Несколько секунд стояла полная тишина. Вице — король бросил взгляд на побелевшего Андреса дель Рио.
Может, это, конечно, несколько преувеличено, сказал Гумбольдт, испуганный собственными словами. Кое-что здесь произвело на меня сильное впечатление.
Граф посмотрел на него, едва заметно улыбнувшись.
Новой Испании понадобится способный министр горной промышленности, сказал вице-король.
Гумбольдт спросил, есть ли у него кто на примете.
Вице-король многозначительно молчал.
Гумбольдт вдруг понял и поднял руки.

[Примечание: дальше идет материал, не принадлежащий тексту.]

lemma card_matches_in_block_pairs_le:
  fixes K D :: real
  assumes f: "strict_mono_on {..<L} f" and g: "strict_mono_on {..<L} g"
    and range: "f ` {..<L} \<subseteq> {..<n * m}" "g ` {..<L} \<subseteq> {..<n * m}"
    and D: "0 \<le> D"
    and piece: "\<And>s. s \<in> R \<Longrightarrow> s \<in> {..<n} \<times> {..<n} \<Longrightarrow>
       K * card {t \<in> {..<L}. block_pair m f g t = s}
         \<le> span (f ` {t \<in> {..<L}. block_pair m f g t = s})
           + span (g ` {t \<in> {..<L}. block_pair m f g t = s}) + D"
  shows "K * card {t \<in> {..<L}. block_pair m f g t \<in> R} \<le> 2 * real (n * m) + 2 * real n * D"
proof -
  let ?p = "block_pair m f g"
  let ?fibre = "\<lambda>s. {t \<in> {..<L}. ?p t = s}"
  define S where "S = R \<inter> ?p ` {..<L}"
  have fin: "finite S" by (simp add: S_def)
  have mono: "mono_on {..<L} ?p"
    using mono_on_block_pair strict_mono_on_imp_mono_on f g by blast
  have square: "?p ` {..<L} \<subseteq> {..<n} \<times> {..<n}"
    using range by (auto simp: block_pair_def less_mult_imp_div_less)
  have card_S: "card S \<le> 2 * n"
  proof (rule card_chain_le)
    show "S \<subseteq> {..<n} \<times> {..<n}" using square by (auto simp: S_def)
    fix p q assume "p \<in> S" "q \<in> S"
    then obtain t t' where "t < L" "t' < L" "p = ?p t" "q = ?p t'" by (auto simp: S_def)
    then show "p \<le> q \<or> q \<le> p" using mono_onD[OF mono] by (metis le_cases lessThan_iff)
  qed
  have "{t \<in> {..<L}. ?p t \<in> R} = (\<Union>s\<in>S. ?fibre s)" by (auto simp: S_def)
  then have "card {t \<in> {..<L}. ?p t \<in> R} = (\<Sum>s\<in>S. card (?fibre s))"
    by (simp only:) (rule card_UN_disjoint[OF fin]; fastforce)
  then have "K * card {t \<in> {..<L}. ?p t \<in> R} = (\<Sum>s\<in>S. K * card (?fibre s))"
    by (simp add: sum_distrib_left)
  also have "\<dots> \<le> (\<Sum>s\<in>S. span (f ` ?fibre s) + span (g ` ?fibre s) + D)"
  proof (rule sum_mono)
    fix s assume "s \<in> S"
    then have "s \<in> R" "s \<in> {..<n} \<times> {..<n}" using square by (auto simp: S_def)
    then show "K * card (?fibre s) \<le> span (f ` ?fibre s) + span (g ` ?fibre s) + D"
      by (rule piece)
  qed
  also have "\<dots> = (\<Sum>s\<in>S. span (f ` ?fibre s)) + (\<Sum>s\<in>S. span (g ` ?fibre s)) + card S * D"
    by (simp add: sum.distrib)
  also have "\<dots> \<le> n * m + n * m + (2 * n) * D"
  proof -
    have "card S * D \<le> (2 * n) * D"
      using card_S D by (intro mult_right_mono) auto
    then show ?thesis
      using sum_span_fibres_le[OF fin f mono range(1)] sum_span_fibres_le[OF fin g mono range(2)]
      by linarith
  qed
  finally show ?thesis by (simp add: mult.commute)
qed

locale concatenated_code =
  fixes k Q n m :: nat and \<theta> :: real and e :: "nat \<Rightarrow> nat \<Rightarrow> nat list"
  assumes e_words: "\<And>i \<alpha>. i < n \<Longrightarrow> \<alpha> < Q \<Longrightarrow> e i \<alpha> \<in> words k m"
    and e_inj: "inj_on (\<lambda>(i, \<alpha>). e i \<alpha>) ({0..<n} \<times> {0..<Q})"
    and inner: "\<And>c1 c2 I J. c1 \<in> (\<lambda>(i, \<alpha>). e i \<alpha>) ` ({0..<n} \<times> {0..<Q}) \<Longrightarrow>
                   c2 \<in> (\<lambda>(i, \<alpha>). e i \<alpha>) ` ({0..<n} \<times> {0..<Q}) \<Longrightarrow> c1 \<noteq> c2 \<Longrightarrow>
                   common_subseq c1 c2 I J \<Longrightarrow>
                   real (span I + span J) \<ge> (real k + sqrt (real k)) * real (subseq_len I) - \<theta> * real k * real m"
begin

definition concat_word :: "nat list \<Rightarrow> nat list" where
  "concat_word c = concat (map (\<lambda>i. e i (c ! i)) [0..<n])"

lemma block_index:
  assumes "c \<in> words Q n" "i < n"
  shows "(i, c ! i) \<in> {0..<n} \<times> {0..<Q}"
proof -
  have "set c \<subseteq> {0..<Q}" "i < length c" using assms by (auto simp: words_def)
  then show ?thesis using assms(2) by (auto dest: nth_mem)
qed

lemma length_block:
  assumes "c \<in> words Q n" "i < n"
  shows "length (e i (c ! i)) = m"
  using e_words block_index[OF assms] by (auto simp: words_def)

Невозможно! Он — пруссак и не может служить другой стране.
Только чуть позже, к вечеру, ему удалось обменяться несколькими словами с графом. Он тихо спросил того, что ему известно про огромное каменное колесо-календарь.
Радиусом примерно пять локтей?
Гумбольдт кивнул.
Пернатые змеи и застывшее лицо в центре?
Да! воскликнул Гумбольдт.
Про это он ничего не знает, сказал граф. Он ведь не индеец, а испанский гранд.
Гумбольдт спросил, нет ли на этот счет какого — нибудь семейного предания.
Граф выпрямился в полный рост и доставал теперь Гумбольдту до груди. Его предок позволил кортесам похитить себя. Он, словно женщина, умолял их сохранить ему жизнь, причитал и плакал и наконец, после нескольких недель плена, переметнулся на их сторону. Ацтеки убили его за это, закидав камнями. Если он, граф Монтесума, выйдет сейчас на главную площадь, то жить ему не больше пяти минут. Граф задумался. А может, заключил он, ничего и не произойдет. Все это было так давно, люди едва ли что помнят. Он схватил свою жену за локоть и посмотрел узкими глазками на Гумбольдта. Кто бы его ни встретил, вечно ищет в его лице отголоски черт верховного правителя ацтеков. Каждый, кто узнает его имя, вглядывается в него и ищет следы прошлого. Может ли Гумбольдт себе представить, каково это, быть всегда лишь тенью великого родственника?
Иногда он это хорошо себе представляет, ответил Гумбольдт.
Семейное предание, повторил с презрением граф. И после этого он и его супруга покинули зад, не попрощавшись.
Рано утром Гумбольдт заметил, что Бонплана нет. Он тотчас же отправился на поиски. Улицы были заполнены торговцами: один мужчина продавал сушеные фрукты, другой — чудодейственные средства от всех болезней, кроме подагры, третий отрубил себе топором левую кисть, пустил ее по кругу, давая всем пощупать, а сам, изнывая от боли, ждал, когда она вернется к нему. Затем приложил кисть к обрубку и покапал на это место тинктурой. Бледный от потери крови, он несколько раз ударил рукой по столу, показывая, что она снова приросла. Стоявшие вокруг зеваки похлопали ему и скупили все запасы тинктуры. Четвертый продавал целебное средство только от подагры, пятый — дешевенькие брошюрки с иллюстрациями. В одной из них рассказывалась история жреца-чудотворца, в другой описывалась жизнь индейского мальчика, которому явилась Святая Дева Гвадалупская, в третьей говорилось о приключениях немецкого барона, который прошел на лодке через ад Ориноко и поднялся на самую высокую гору мира. Картинки были очень недурны, особенно удачно был воссоздан мундир Гумбольдта.
Он нашел Бонплана там, где и предполагал. Дом был богато украшен, по фасаду — китайские изразцы. Страж у дверей попросил его подождать. Минуту спустя появился Бонплан, наспех одеваясь на ходу.
Гумбольдт поинтересовался, сколько еще раз он должен напоминать ему об их уговоре.
Да это же обыкновенный отель и ничего другого, возразил Бонплан, и что это за уговор, если его все время подозревают в дурных поступках. Он такой уговор не признает!